Could the data underneath be repeated exactly, in full?

Extracted data entries:
______________________________

(* Let $\mathcal{T}$ be a tangle of order $k$ in a connectivity system $(E,\lambda)$, and let $\mathcal{S}$ be a tree compatible set. Let $\Phi=(P_1,\ldots, P_n)$ be a $k$-flower in $\mathcal{T}$ of $\mathcal{S}$-order at least two with no $\mathcal{T}$-loose petals. If $X\subseteq E-P_1$ is a non-empty $\mathcal{T}$-weak set such that $P_1\cup X$ is $k$-separating, then: (i) $\Phi '=(P_1\cup X, P_2-X,\ldots, P_n-X)$ is a $k$-flower in $\mathcal{T}$ that is $\mathcal{T}$-equivalent to $\Phi$ with respect to $\mathcal{S}$; (ii) $\mathrm{fcl}_{\mathcal{T}}(P_1)=\mathrm{fcl}_{\mathcal{T}}(P_1\cup X)$ and $\mathrm{fcl}_{\mathcal{T}}(P_i-X)=\mathrm{fcl}_{\mathcal{T}}(P_i)$ for all $i\in \{2,\dots,n\}$.
   Context: A connectivity system is a pair $(E,\lambda)$ with $E$ finite and $\lambda$ an integer-valued symmetric submodular function on subsets of $E$. $X$ is $k$-separating if $\lambda(X)\le k$; a $k$-separation is an unordered partition $(X,E-X)$ with $\lambda(X)\le k$. A tangle of order $k$ is a collection $\mathcal T$ of subsets of $E$ with (T1) $\lambda(A)<k$ for $A\in\mathcal T$; (T2) if $\lambda(A)\le k-1$ then $A$ or $E-A$ is in $\mathcal T$; (T3) $A\cup B\cup C\ne E$ for $A,B,C\in\mathcal T$; (T4) $E-\{e\}\notin\mathcal T$. A set is $\mathcal T$-weak if contained in a member of $\mathcal T$, otherwise $\mathcal T$-strong; partitions/$k$-separations are $\mathcal T$-strong if all parts are. A $\mathcal T$-strong $k$-separating $X$ is fully closed if $X\cup Y$ is not $k$-separating for every nonempty $\mathcal T$-weak $Y\subseteq E-X$; $\mathrm{fcl}_{\mathcal T}(X)$ is the intersection of all fully closed $k$-separating sets containing $X$. $\mathcal T$-strong $k$-separations $(X,Y),(X',Y')$ are $\mathcal T$-equivalent if $\{\mathrm{fcl}_{\mathcal T}(X),\mathrm{fcl}_{\mathcal T}(Y)\}=\{\mathrm{fcl}_{\mathcal T}(X'),\mathrm{fcl}_{\mathcal T}(Y')\}$. $X$ is $\mathcal T$-sequential if it is $k$-separating, $E-X$ is $\mathcal T$-strong and $\mathrm{fcl}_{\mathcal T}(E-X)=E$. Let $\mathcal S$ be a set of non-$\mathcal T$-sequential $k$-separating sets with $\mathcal T$-strong complements; a $(k,\mathcal S)$-separation is a $k$-separation $(X,E-X)$ with $X,E-X\in\mathcal S$. $\mathcal S$ is tree compatible if (S1) any $\mathcal T$-strong $k$-separation $\mathcal T$-equivalent to a $(k,\mathcal S)$-separation is a $(k,\mathcal S)$-separation, and (S2) if $X\in\mathcal S$ and $(Y,E-Y)$ is a $\mathcal T$-strong $k$-separation with $X\subseteq Y$ then $Y\in\mathcal S$. A $k$-flower in $\mathcal T$ is a $\mathcal T$-strong partition $(P_1,\dots,P_n)$ of $E$ with $P_i$ and $P_i\cup P_{i+1}$ $k$-separating for all $i$ (mod $n$); it displays $(X,E-X)$ if $X$ is a union of petals. $\Phi_1\preccurlyeq_{\mathcal S}\Phi_2$ if each $(k,\mathcal S)$-separation displayed by $\Phi_1$ is $\mathcal T$-equivalent to one displayed by $\Phi_2$; $\mathcal T$-equivalence with respect to $\mathcal S$ means both directions hold. The $\mathcal S$-order of $\Phi$ is the minimum number of petals of a $k$-flower equivalent to $\Phi$. A $k$-flower is a $k$-anemone if every nonempty union of petals is $k$-separating. For $n\ge2$, a petal $P_i$ is $\mathcal T$-loose if $P_i\subseteq\mathrm{fcl}_{\mathcal T}(P_j)$ for some petal $P_j\ne P_i$ that is consecutive to $P_i$ in the cyclic order (for a $k$-anemone, any other petal). *)

theory Defs
  imports Main
begin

______________________________

EXPECTED ANSWER:
(* Let $\mathcal{T}$ be a tangle of order $k$ in a connectivity system $(E,\lambda)$, and let $\mathcal{S}$ be a tree compatible set. Let $\Phi=(P_1,\ldots, P_n)$ be a $k$-flower in $\mathcal{T}$ of $\mathcal{S}$-order at least two with no $\mathcal{T}$-loose petals. If $X\subseteq E-P_1$ is a non-empty $\mathcal{T}$-weak set such that $P_1\cup X$ is $k$-separating, then: (i) $\Phi '=(P_1\cup X, P_2-X,\ldots, P_n-X)$ is a $k$-flower in $\mathcal{T}$ that is $\mathcal{T}$-equivalent to $\Phi$ with respect to $\mathcal{S}$; (ii) $\mathrm{fcl}_{\mathcal{T}}(P_1)=\mathrm{fcl}_{\mathcal{T}}(P_1\cup X)$ and $\mathrm{fcl}_{\mathcal{T}}(P_i-X)=\mathrm{fcl}_{\mathcal{T}}(P_i)$ for all $i\in \{2,\dots,n\}$.
   Context: A connectivity system is a pair $(E,\lambda)$ with $E$ finite and $\lambda$ an integer-valued symmetric submodular function on subsets of $E$. $X$ is $k$-separating if $\lambda(X)\le k$; a $k$-separation is an unordered partition $(X,E-X)$ with $\lambda(X)\le k$. A tangle of order $k$ is a collection $\mathcal T$ of subsets of $E$ with (T1) $\lambda(A)<k$ for $A\in\mathcal T$; (T2) if $\lambda(A)\le k-1$ then $A$ or $E-A$ is in $\mathcal T$; (T3) $A\cup B\cup C\ne E$ for $A,B,C\in\mathcal T$; (T4) $E-\{e\}\notin\mathcal T$. A set is $\mathcal T$-weak if contained in a member of $\mathcal T$, otherwise $\mathcal T$-strong; partitions/$k$-separations are $\mathcal T$-strong if all parts are. A $\mathcal T$-strong $k$-separating $X$ is fully closed if $X\cup Y$ is not $k$-separating for every nonempty $\mathcal T$-weak $Y\subseteq E-X$; $\mathrm{fcl}_{\mathcal T}(X)$ is the intersection of all fully closed $k$-separating sets containing $X$. $\mathcal T$-strong $k$-separations $(X,Y),(X',Y')$ are $\mathcal T$-equivalent if $\{\mathrm{fcl}_{\mathcal T}(X),\mathrm{fcl}_{\mathcal T}(Y)\}=\{\mathrm{fcl}_{\mathcal T}(X'),\mathrm{fcl}_{\mathcal T}(Y')\}$. $X$ is $\mathcal T$-sequential if it is $k$-separating, $E-X$ is $\mathcal T$-strong and $\mathrm{fcl}_{\mathcal T}(E-X)=E$. Let $\mathcal S$ be a set of non-$\mathcal T$-sequential $k$-separating sets with $\mathcal T$-strong complements; a $(k,\mathcal S)$-separation is a $k$-separation $(X,E-X)$ with $X,E-X\in\mathcal S$. $\mathcal S$ is tree compatible if (S1) any $\mathcal T$-strong $k$-separation $\mathcal T$-equivalent to a $(k,\mathcal S)$-separation is a $(k,\mathcal S)$-separation, and (S2) if $X\in\mathcal S$ and $(Y,E-Y)$ is a $\mathcal T$-strong $k$-separation with $X\subseteq Y$ then $Y\in\mathcal S$. A $k$-flower in $\mathcal T$ is a $\mathcal T$-strong partition $(P_1,\dots,P_n)$ of $E$ with $P_i$ and $P_i\cup P_{i+1}$ $k$-separating for all $i$ (mod $n$); it displays $(X,E-X)$ if $X$ is a union of petals. $\Phi_1\preccurlyeq_{\mathcal S}\Phi_2$ if each $(k,\mathcal S)$-separation displayed by $\Phi_1$ is $\mathcal T$-equivalent to one displayed by $\Phi_2$; $\mathcal T$-equivalence with respect to $\mathcal S$ means both directions hold. The $\mathcal S$-order of $\Phi$ is the minimum number of petals of a $k$-flower equivalent to $\Phi$. A $k$-flower is a $k$-anemone if every nonempty union of petals is $k$-separating. For $n\ge2$, a petal $P_i$ is $\mathcal T$-loose if $P_i\subseteq\mathrm{fcl}_{\mathcal T}(P_j)$ for some petal $P_j\ne P_i$ that is consecutive to $P_i$ in the cyclic order (for a $k$-anemone, any other petal). *)

theory Defs
  imports Main
begin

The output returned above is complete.